R. I want to use genetic modification so that the cells are not rejected by the immune system. Now, our cells tell the body they are transferred to that they are a problem, because they are not its own, so it needs immunosuppression to tolerate them. When you are inside your mother, when you are a fetus, she should reject you, because you express cells from your father. Why doesn’t she do it herself? It’s an interesting question, and it was what she was reflecting on this morning.
Q. What implications could their advances have on treatments for other diseases?
R. There are several, not many, that have to do with missing cells. The best example is Parkinson’s. There are cells in the central part of the brain that make dopamine that fail. If you could convert a stem cell into one that makes dopamine, and put it in the brain, something not easy, there could be a cure.
Q. And in the more distant future, 30 or 40 years, what do you imagine can be achieved with stem cells?

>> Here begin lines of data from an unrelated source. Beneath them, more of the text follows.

(* Fix all parameters of the cathode model ($h_1,h_2,\sigma_{\mathrm{el}},\sigma_{\mathrm{ion}},\rho_a,D_2,M,F,R,T,A,j_{\mathrm{cell}}>0,V_2,C^{\mathrm{bulk}}$). Let $h_1<h_b<h_b'<h_2$. There do not exist two triples with all of the following properties: 1. $(\phi^{I}_{\mathrm{el}},\phi^{I}_{\mathrm{ion}},C^{I})$ is a cathode solution in the modified formulation with active-layer boundary $h_b$. 2. $(\phi^{II}_{\mathrm{el}},\phi^{II}_{\mathrm{ion}},C^{II})$ is a cathode solution in the modified formulation with active-layer boundary $h_b'$. 3. Their signed quantities $s^{I}$ and $s^{II}$ are nonnegative on $[h_1,h_b]$ and $[h_1,h_b']$ respectively. 4. $s^{II}(h_b)>0$. 5. On $[h_1,h_b]$ the function $C^{II}-C^{I}$ is positive and nonincreasing. In other words, under these conditions the active-layer boundary cannot be enlarged from $h_b$ to $h_b'$ while keeping the cell current and boundary data fixed.
   Context: Cathode model (isothermal, 1D). Fix real numbers $0<h_1<h_b<h_2$ and positive constants $\sigma_{\mathrm{el}},\sigma_{\mathrm{ion}}$ (effective electronic/ionic conductivities), $\rho_a$ (air density), $D_2$ (effective diffusion coefficient), $M$ (molar mass of $O_2$), $F$ (Faraday constant), $R$ (gas constant), $T$ (temperature), $A$ (reaction surface area per volume). Also fix $j_{\mathrm{cell}}>0$, $V_2\in\mathbb R$ and $C^{\mathrm{bulk}}\in(0,1)$. Charge-transfer current. For $y\in(h_1,h_b)$ set $$i(y)=A\,K\,\Big(\frac{\rho_a R T\,C(y)}{M}\Big)^{0.2}\Big[\exp\Big(\frac{1.2F\eta(y)}{RT}\Big)-\exp\Big(-\frac{F\eta(y)}{RT}\Big)\Big],\qquad K=1.47\cdot10^{6}\,e^{-85859/(RT)}.$$ Define the signed quantity $$s(y)=\phi_{\mathrm{ion}}(y)-\phi_{\mathrm{el}}(y)-\frac{RT}{4F}\ln\frac{C^{\mathrm{bulk}}}{C(y)}.$$ The activation overpotential is $\eta=s$ in the classical formulation and $\eta=|s|$ in the modified formulation. A cathode solution with active-layer boundary $h_b$ is a triple $\phi_{\mathrm{el}},\phi_{\mathrm{ion}},C\in C^1([h_1,h_2])$ with the following properties. - Regularity: each function is $C^2$ on $[h_1,h_b]$ and on $[h_b,h_2]$, and $C>0$. - Equations on $(h_1,h_b)$: $(\sigma_{\mathrm{el}}\phi_{\mathrm{el}}')'=-i$, $(\sigma_{\mathrm{ion}}\phi_{\mathrm{ion}}')'=i$ and $(\rho_aD_2C')'=\frac{M}{4F}i$. - Equations on $(h_b,h_2)$: all three left-hand sides vanish. - Boundary conditions: $-\sigma_{\mathrm{el}}\phi_{\mathrm{el}}'(h_2)=j_{\mathrm{cell}}$, $\phi_{\mathrm{ion}}'(h_2)=0$, $\phi_{\mathrm{el}}(h_2)=V_2$, $C(h_2)=C^{\mathrm{bulk}}$, $\phi_{\mathrm{el}}'(h_1)=0$, $-\sigma_{\mathrm{ion}}\phi_{\mathrm{ion}}'(h_1)=j_{\mathrm{cell}}$, $C'(h_1)=0$. - Interface condition: $s(h_b)=0$, i.e. $\eta(h_b)=0$. In the claim, $s^{I}$ and $s^{II}$ denote the signed quantity $s$ computed from the respective triple. *)

theory Defs
  imports "HOL-Analysis.Analysis"
begin

record cathode_params =
  h1 :: real
  h2 :: real
  sigma_el :: real
  sigma_ion :: real
  rho_a :: real
  D2 :: real
  Mm :: real      (* molar mass of O2 *)
  Fc :: real
  Rg :: real
  Tt :: real
  Aa :: real      (* reaction surface area per volume *)
  j_cell :: real
  V2 :: real
  C_bulk :: real

definition params_ok :: "cathode_params \<Rightarrow> bool" where
  "params_ok P \<longleftrightarrow> 0 < h1 P \<and> h1 P < h2 P \<and> 0 < sigma_el P \<and> 0 < sigma_ion P \<and>
     0 < rho_a P \<and> 0 < D2 P \<and> 0 < Mm P \<and> 0 < Fc P \<and> 0 < Rg P \<and> 0 < Tt P \<and> 0 < Aa P \<and>
     0 < j_cell P \<and> 0 < C_bulk P \<and> C_bulk P < 1"

definition K_rate :: "cathode_params \<Rightarrow> real" where
  "K_rate P = (147 / 100) * 10 ^ 6 * exp (- 85859 / (Rg P * Tt P))"

definition i_ct :: "cathode_params \<Rightarrow> real \<Rightarrow> real \<Rightarrow> real" where
  "i_ct P c eta = Aa P * K_rate P * ((rho_a P * Rg P * Tt P * c / Mm P) powr (1/5)) *
     (exp ((6/5) * Fc P * eta / (Rg P * Tt P)) - exp (- Fc P * eta / (Rg P * Tt P)))"

definition s_fun :: "cathode_params \<Rightarrow> (real \<Rightarrow> real) \<Rightarrow> (real \<Rightarrow> real) \<Rightarrow> (real \<Rightarrow> real) \<Rightarrow> real \<Rightarrow> real" where
  "s_fun P phel phion C y = phion y - phel y - Rg P * Tt P / (4 * Fc P) * ln (C_bulk P / C y)"

definition pw_C2 :: "real \<Rightarrow> real \<Rightarrow> real \<Rightarrow> (real \<Rightarrow> real) \<Rightarrow> (real \<Rightarrow> real) \<Rightarrow> (real \<Rightarrow> real) \<Rightarrow> (real \<Rightarrow> real) \<Rightarrow> bool" where
  "pw_C2 a hb b f f' g1 g2 \<longleftrightarrow>
     continuous_on {a..b} f' \<and>
     (\<forall>x\<in>{a..b}. (f has_real_derivative f' x) (at x within {a..b})) \<and>
     (\<forall>x\<in>{a..hb}. (f' has_real_derivative g1 x) (at x within {a..hb})) \<and>
     (\<forall>x\<in>{hb..b}. (f' has_real_derivative g2 x) (at x within {hb..b})) \<and>
     continuous_on {a..hb} g1 \<and> continuous_on {hb..b} g2"

text \<open>Cathode solution with active-layer boundary hb; the overpotential is eta_of (s),
  i.e. eta_of = id for the classical and eta_of = abs for the modified formulation.\<close>
definition cathode_solution ::
  "cathode_params \<Rightarrow> (real \<Rightarrow> real) \<Rightarrow> real \<Rightarrow> (real \<Rightarrow> real) \<Rightarrow> (real \<Rightarrow> real) \<Rightarrow> (real \<Rightarrow> real) \<Rightarrow> bool" where
  "cathode_solution P eta_of hb phel phion C \<longleftrightarrow>
     (\<exists>phel' phel1 phel2 phion' phion1 phion2 C' C1 C2.
        pw_C2 (h1 P) hb (h2 P) phel phel' phel1 phel2 \<and>
        pw_C2 (h1 P) hb (h2 P) phion phion' phion1 phion2 \<and>
        pw_C2 (h1 P) hb (h2 P) C C' C1 C2 \<and>
        (\<forall>y\<in>{h1 P..h2 P}. C y > 0) \<and>
        (\<forall>y\<in>{h1 P<..<hb}.
           let i = i_ct P (C y) (eta_of (s_fun P phel phion C y)) in
           sigma_el P * phel1 y = - i \<and>
           sigma_ion P * phion1 y = i \<and>
           rho_a P * D2 P * C1 y = Mm P / (4 * Fc P) * i) \<and>
        (\<forall>y\<in>{hb<..<h2 P}. sigma_el P * phel2 y = 0 \<and> sigma_ion P * phion2 y = 0 \<and>
                            rho_a P * D2 P * C2 y = 0) \<and>
        - sigma_el P * phel' (h2 P) = j_cell P \<and>
        phion' (h2 P) = 0 \<and>
        phel (h2 P) = V2 P \<and>
        C (h2 P) = C_bulk P \<and>
        phel' (h1 P) = 0 \<and>
        - sigma_ion P * phion' (h1 P) = j_cell P \<and>
        C' (h1 P) = 0 \<and>
        s_fun P phel phion C hb = 0)"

R. Our body is constantly generating cells that become muscles, skin or blood. That’s why if we donate blood we don’t live the rest of our lives in deficit. I think that in that period of time we will know how to stimulate the cells to regenerate. We take it for granted that aging is inevitable, but perhaps it is not, and we can reach 80 years of age in perfect health thanks to this tissue regeneration.
Q. Would this open the door to virtual immortality?
R. Maybe it was possible, but it’s not interesting. I don’t think anyone wants to be immortal. But if you’ve seen your elders age, you’ve seen how brutal the end of life can be. Healthy aging is a realistic goal.